**What is expected**
In this exercise, the data must be written out exactly.
============
theorem theorem5p1:
  fixes S :: "(int^'d) set"
    and P :: "int^'d \<Rightarrow> complex^'n^'n"
    and C :: "complex^'n^'n"
  assumes "finite S"
    and "resolution_of_unity S P"
    and "unitary_mat C"
    and "C ** C = mat 1"
    and "\<forall>c. C \<noteq> mat c"
    and "vec.dim (eigsp C 1) < vec.dim (eigsp C (-1))"
  shows "has_eigenvalue_l2 (U_op S P C) 1 \<and>
    (\<exists>\<phi>::complex^'n. \<exists>xo::int^'d. \<phi> \<noteq> 0 \<and>
       limsup (\<lambda>n. ereal ((norm (((U_op S P C) ^^ n) (delta_tensor \<phi>) xo))\<^sup>2)) > 0)"
proof -
  obtain f :: "int^'d \<Rightarrow> complex^'n" where "f \<noteq> 0" and fin: "finite {x. f x \<noteq> 0}"
    and "\<And>x. C *v f x = - f x" and "\<And>x. C *v shift_op S P f x = - shift_op S P f x"
    using antiinvariant_finite_support_exists[OF assms(1,4,6)] by metis
  then have fixed: "U_op S P C f = f"
    by (intro U_op_fixes_antiinvariant[OF assms(1,2)])
  have "has_eigenvalue_l2 (U_op S P C) 1"
    unfolding has_eigenvalue_l2_def
    using ell2_if_finite_support[OF fin] \<open>f \<noteq> 0\<close> fixed by (auto simp: zero_fun_def)
  then show ?thesis
    using fixed_point_orbit_not_vanishing[OF linear_U_op transl_U_op fixed \<open>f \<noteq> 0\<close> fin] by blast
qed

end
============
**Answer for the task**
theorem theorem5p1:
  fixes S :: "(int^'d) set"
    and P :: "int^'d \<Rightarrow> complex^'n^'n"
    and C :: "complex^'n^'n"
  assumes "finite S"
    and "resolution_of_unity S P"
    and "unitary_mat C"
    and "C ** C = mat 1"
    and "\<forall>c. C \<noteq> mat c"
    and "vec.dim (eigsp C 1) < vec.dim (eigsp C (-1))"
  shows "has_eigenvalue_l2 (U_op S P C) 1 \<and>
    (\<exists>\<phi>::complex^'n. \<exists>xo::int^'d. \<phi> \<noteq> 0 \<and>
       limsup (\<lambda>n. ereal ((norm (((U_op S P C) ^^ n) (delta_tensor \<phi>) xo))\<^sup>2)) > 0)"
proof -
  obtain f :: "int^'d \<Rightarrow> complex^'n" where "f \<noteq> 0" and fin: "finite {x. f x \<noteq> 0}"
    and "\<And>x. C *v f x = - f x" and "\<And>x. C *v shift_op S P f x = - shift_op S P f x"
    using antiinvariant_finite_support_exists[OF assms(1,4,6)] by metis
  then have fixed: "U_op S P C f = f"
    by (intro U_op_fixes_antiinvariant[OF assms(1,2)])
  have "has_eigenvalue_l2 (U_op S P C) 1"
    unfolding has_eigenvalue_l2_def
    using ell2_if_finite_support[OF fin] \<open>f \<noteq> 0\<close> fixed by (auto simp: zero_fun_def)
  then show ?thesis
    using fixed_point_orbit_not_vanishing[OF linear_U_op transl_U_op fixed \<open>f \<noteq> 0\<close> fin] by blast
qed

end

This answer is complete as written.